Many classrooms consist of students from different knowledge backgrounds, multiple cultures, both genders, and students with a range of disabilities or exceptionalities (Alavinia & Fardy, 2012). Differentiated instruction is defined as “a philosophy of teaching that is based on the premise that students learn best when their teachers accommodate the differences in their readiness levels, interest, and learning profiles” (Konstantinou-Katzi et al., 2012, p. 333). (in http://edutechwiki.unige.ch/en/Differentiated_learning)

One of results or consequences of providing such activities is an increase in learner engagement, excitement, and motivation. Open ended learning activities permit and encourage learners to bring their “selves” into the work. They become agents of their own learning.

Because of this freedom, they often shine as true selves come through. Learners often surprise both the educator and themselves with what they produce and create. It becomes passion-based learning.  Not only do the activities become self-differentiated, they become personalized:

Personalization only comes when students have authentic choice over how to tackle a problem. A personalized environment gives students the freedom to follow a meaningful line of inquiry, while building the skills to connect, synthesize and analyze information into original productions. Diane Laufenberg in What Do We Really Mean When We Say ‘Personalized Learning’?

Personalized learning means that learning starts with the learner. Learning is tailored to the individual needs of each learner instead of by age or grade level. It is more than teaching to “one size fits all” or just moving to learner-centered learning and changing instruction. Personalized Learning takes a holistic view of the individual, skill levels, interests, strengths and challenges, and prior knowledge. The learner owns their learning. Barbara Bray in What is Personalized Learning?
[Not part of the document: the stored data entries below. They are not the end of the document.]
lemma less_Rmax_iff:
  assumes "0 < Kmax rho_r rho_d r0 T"
  shows "R < Rmax alpha rho_r rho_d r0 T \<longleftrightarrow> R / xp < Kmax rho_r rho_d r0 T"
proof -
  define km where "km = Kmax rho_r rho_d r0 T"
  define c where "c = cTheta alpha rho_r rho_d r0 T"
  define v where "v = (1 + rho_d / rho_r) * sqrt (km * rho_r / alpha)"
  define y where "y = R / km"
  have "0 < km" "0 < y" using assms R_pos by (simp_all add: km_def y_def)
  have "0 < v" using al_pos rr_pos rd_nonneg \<open>0 < km\<close> by (simp add: v_def add_pos_nonneg)
  from theI'[OF g_div_sqrt_ex1[OF this]] have c: "0 < c" "g c / sqrt c = v"
    unfolding c_def cTheta_def km_def[symmetric] v_def by auto
  have "sqrt y * sqrt (km * rho_r / alpha) = sqrt (R * rho_r / alpha)"
    using \<open>0 < km\<close> by (simp add: y_def field_simps flip: real_sqrt_mult)
  then have g_xp: "g xp = sqrt y * v" by (simp add: xprime(2) v_def)
  have "R < Rmax alpha rho_r rho_d r0 T \<longleftrightarrow> y < c"
    using \<open>0 < km\<close> by (simp add: Rmax_def y_def field_simps flip: c_def km_def)
  also have "\<dots> \<longleftrightarrow> g y / sqrt y < v"
    using strict_mono_on_less[OF g_div_sqrt_strict_mono, of y c] \<open>0 < y\<close> c by simp
  also have "\<dots> \<longleftrightarrow> g y < g xp"
    using \<open>0 < y\<close> by (simp add: g_xp pos_divide_less_eq mult.commute)
  also have "\<dots> \<longleftrightarrow> y < xp"
    using strict_mono_on_less[OF g_strict_mono] \<open>0 < y\<close> xprime(1) by simp
  also have "\<dots> \<longleftrightarrow> R / xp < km"
    using \<open>0 < km\<close> xprime(1) by (simp add: y_def field_simps)
  finally show ?thesis by (simp add: km_def)
qed

lemma less_g_bound_iff: "rho_r < alpha / (1 + rho_d / rho_r)\<^sup>2 * (g R)\<^sup>2 / R \<longleftrightarrow> xp < R"
proof -
  define B where "B = 1 + rho_d / rho_r"
  have "0 < B" using rr_pos rd_nonneg by (simp add: B_def add_pos_nonneg)
  have "xp < R \<longleftrightarrow> g xp < g R"
    using strict_mono_on_less[OF g_strict_mono] xprime(1) R_pos by simp
  also have "\<dots> \<longleftrightarrow> (g xp)\<^sup>2 < (g R)\<^sup>2"
    using g_pos[OF xprime(1)] g_pos[OF R_pos] by (auto intro: power_strict_mono power_less_imp_less_base less_imp_le)
  also have "(g xp)\<^sup>2 = B\<^sup>2 * R * rho_r / alpha"
    using R_pos rr_pos al_pos by (simp add: xprime(2) B_def power_mult_distrib)
  also have "B\<^sup>2 * R * rho_r / alpha < (g R)\<^sup>2 \<longleftrightarrow> rho_r < alpha / B\<^sup>2 * (g R)\<^sup>2 / R"
    using \<open>0 < B\<close> al_pos R_pos by (simp add: field_simps)
  finally show ?thesis by (simp add: B_def)
qed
The educator, in this environment, introduces the activities and then steps back to let the learners take over their own personal learning. The educator lets go of expectations what the final produce should be; should look like; should do.  The educator becomes a provider of resources, feedback giver, and communications facilitator. S/he becomes a tour guide of learning possibilities. S/he shows learners the possibilities and then gets out of the way.

Creating the conditions for self-differentiation and personalization can occur with learning objectives that start with action verbs such: create, write, explore, invent, make, imagine, prepare, build, compose, construct, design, develop, formulate, originate.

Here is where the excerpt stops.